### The problem
Of the records that follow, copy only the lines from the line containing "then show ?thesis using" to the line containing "qed (rule \<open>odd v\<close>)", both included, exactly as written.

### Stored records
================
lemma heffter_system_power_fibres:
  assumes "v > 0" and "k dvd v" and "card {z::'a::field. z ^ k = 1} = k" and "k \<ge> 2"
  shows "heffter_system {x::'a. x ^ v = 1} k (power_fibres {x. x ^ v = 1} k)"
proof -
  let ?V = "{x::'a. x ^ v = 1}" and ?U = "{z::'a. z ^ k = 1}"
  obtain w where w: "v = k * w" using assms(2) by blast
  have block: "{y \<in> ?V. y ^ k = x ^ k} = (\<lambda>z. x * z) ` ?U" if "x \<in> ?V" for x
  proof -
    have "x \<noteq> 0" using that \<open>v > 0\<close> by (auto simp: power_0_left)
    have "y ^ v = 1" if "y ^ k = x ^ k" for y
      using that \<open>x \<in> ?V\<close> unfolding w by (simp add: power_mult)
    then have "{y \<in> ?V. y ^ k = x ^ k} = {y. y ^ k = x ^ k}" by auto
    also have "\<dots> = (\<lambda>z. x * z) ` ?U"
      using \<open>x \<noteq> 0\<close> by (rule power_fibre_eq_mult_roots_of_unity)
    finally show ?thesis .
  qed
  have "finite ?U" using assms(3,4) card.infinite by force
  have "\<not> ?U \<subseteq> {1}"
    using assms(3,4) card_mono[of "{1::'a}" ?U] by auto
  then obtain \<zeta> :: 'a where "\<zeta> ^ k = 1" "\<zeta> \<noteq> 1" by blast
  then have sum_U: "\<Sum>?U = 0"
    using \<open>finite ?U\<close> assms(4) by (intro sum_roots_of_unity_eq_0) auto
  have "card B = k \<and> \<Sum>B = 0" if B_fibre: "B \<in> power_fibres ?V k" for B
  proof -
    obtain x where x: "x \<in> ?V" and B: "B = (\<lambda>z. x * z) ` ?U"
      using B_fibre block unfolding power_fibres_def by blast
    then have "x \<noteq> 0" using \<open>v > 0\<close> by (auto simp: power_0_left)
    then have inj: "inj_on (\<lambda>z. x * z) ?U" by (simp add: inj_on_def)
    then have "card B = card ?U" unfolding B by (rule card_image)
    moreover have "\<Sum>B = x * \<Sum>?U"
      unfolding B using inj by (simp add: sum.reindex sum_distrib_left)
    ultimately show ?thesis using assms(3) sum_U by simp
  qed
  moreover have "partition_on ?V (power_fibres ?V k)"
    unfolding power_fibres_def by (rule partition_on_fibres)
  ultimately show ?thesis
    unfolding heffter_system_def by blast
qed

lemma heffter_space_power_fibres:
  fixes V :: "'a::idom set"
  assumes "half_set V"
    and "\<forall>i < length ks. heffter_system V (ks ! i) (power_fibres V (ks ! i))"
    and "\<forall>i < length ks. \<forall>j < length ks. i \<noteq> j \<longrightarrow> coprime (ks ! i) (ks ! j)"
  shows "heffter_space V ks (\<lambda>i. power_fibres V (ks ! i))"
proof -
  have "B1 = B2"
    if "x \<noteq> y" and B1: "B1 \<in> (\<Union>i<length ks. power_fibres V (ks ! i))"
      and B2: "B2 \<in> (\<Union>i<length ks. power_fibres V (ks ! i))"
      and xy: "x \<in> B1" "y \<in> B1" "x \<in> B2" "y \<in> B2"
    for x y B1 B2
  proof -
    obtain i where i: "i < length ks" "B1 \<in> power_fibres V (ks ! i)" using B1 by blast
    obtain j where j: "j < length ks" "B2 \<in> power_fibres V (ks ! j)" using B2 by blast
    have B1_eq: "B1 = {z \<in> V. z ^ (ks ! i) = x ^ (ks ! i)}"
      using i(2) xy(1) by (rule power_fibres_eq_fibre)
    have B2_eq: "B2 = {z \<in> V. z ^ (ks ! j) = x ^ (ks ! j)}"
      using j(2) xy(3) by (rule power_fibres_eq_fibre)
    show "B1 = B2"
    proof (cases "i = j")
      case False
      then have "coprime (ks ! i) (ks ! j)" using assms(3) i(1) j(1) by blast
      moreover have "y ^ (ks ! i) = x ^ (ks ! i)" "y ^ (ks ! j) = x ^ (ks ! j)"
        using xy unfolding B1_eq B2_eq by auto
      ultimately have "y = x" by (rule eq_if_powers_eq_coprime)
      then show ?thesis using \<open>x \<noteq> y\<close> by simp
    qed (simp add: B1_eq B2_eq)
  qed
  then show ?thesis
    unfolding heffter_space_def using assms(1,2) by blast
qed

theorem theorem3p2:
  fixes ks :: "nat list"
  assumes "ks \<noteq> []"
    and "\<forall>k \<in> set ks. odd k \<and> k \<ge> 3"
    and "\<forall>i < length ks. \<forall>j < length ks. i \<noteq> j \<longrightarrow> coprime (ks ! i) (ks ! j)"
    and "\<exists>p n. prime (p::nat) \<and> n > 0 \<and> 2 * prod_list ks + 1 = p ^ n"
    and "card (UNIV :: ('a::{finite, field}) set) = 2 * prod_list ks + 1"
  shows "\<exists>(V :: 'a set) P. heffter_space V ks P"
proof -
  define v where "v = prod_list ks"
  have card: "CARD('a) - 1 = 2 * v" using assms(5) unfolding v_def by simp
  have "odd v" unfolding v_def using assms(2) by (induction ks) auto
  then have "v > 0" by (simp add: odd_pos)
  have "half_set {x::'a. x ^ v = 1}"
  proof (rule half_set_roots_of_unity)
    show "(1::'a) \<noteq> -1" using assms(5) by (intro one_neq_minus_one_finite_field) simp
    show "x ^ (2 * v) = 1" if "x \<noteq> 0" for x :: 'a
      using power_card_minus_one_eq_one[OF that] card by simp
  qed (rule \<open>odd v\<close>)
  moreover have "heffter_system {x::'a. x ^ v = 1} (ks ! i) (power_fibres {x. x ^ v = 1} (ks ! i))"
    if "i < length ks" for i
  proof (rule heffter_system_power_fibres)
    have "ks ! i dvd v" unfolding v_def using that by (simp add: prod_list_dvd)
    then show "ks ! i dvd v" "card {z::'a. z ^ (ks ! i) = 1} = ks ! i"
      using card by (auto intro: card_roots_of_unity_finite_field)
    show "ks ! i \<ge> 2" using assms(2) that nth_mem by fastforce
  qed fact
  ultimately have "heffter_space {x::'a. x ^ v = 1} ks (\<lambda>i. power_fibres {x. x ^ v = 1} (ks ! i))"
    using assms(3) by (intro heffter_space_power_fibres) auto
  then show ?thesis by blast
qed
end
================
### Written answer
      then show ?thesis using \<open>x \<noteq> y\<close> by simp
    qed (simp add: B1_eq B2_eq)
  qed
  then show ?thesis
    unfolding heffter_space_def using assms(1,2) by blast
qed

theorem theorem3p2:
  fixes ks :: "nat list"
  assumes "ks \<noteq> []"
    and "\<forall>k \<in> set ks. odd k \<and> k \<ge> 3"
    and "\<forall>i < length ks. \<forall>j < length ks. i \<noteq> j \<longrightarrow> coprime (ks ! i) (ks ! j)"
    and "\<exists>p n. prime (p::nat) \<and> n > 0 \<and> 2 * prod_list ks + 1 = p ^ n"
    and "card (UNIV :: ('a::{finite, field}) set) = 2 * prod_list ks + 1"
  shows "\<exists>(V :: 'a set) P. heffter_space V ks P"
proof -
  define v where "v = prod_list ks"
  have card: "CARD('a) - 1 = 2 * v" using assms(5) unfolding v_def by simp
  have "odd v" unfolding v_def using assms(2) by (induction ks) auto
  then have "v > 0" by (simp add: odd_pos)
  have "half_set {x::'a. x ^ v = 1}"
  proof (rule half_set_roots_of_unity)
    show "(1::'a) \<noteq> -1" using assms(5) by (intro one_neq_minus_one_finite_field) simp
    show "x ^ (2 * v) = 1" if "x \<noteq> 0" for x :: 'a
      using power_card_minus_one_eq_one[OF that] card by simp
  qed (rule \<open>odd v\<close>)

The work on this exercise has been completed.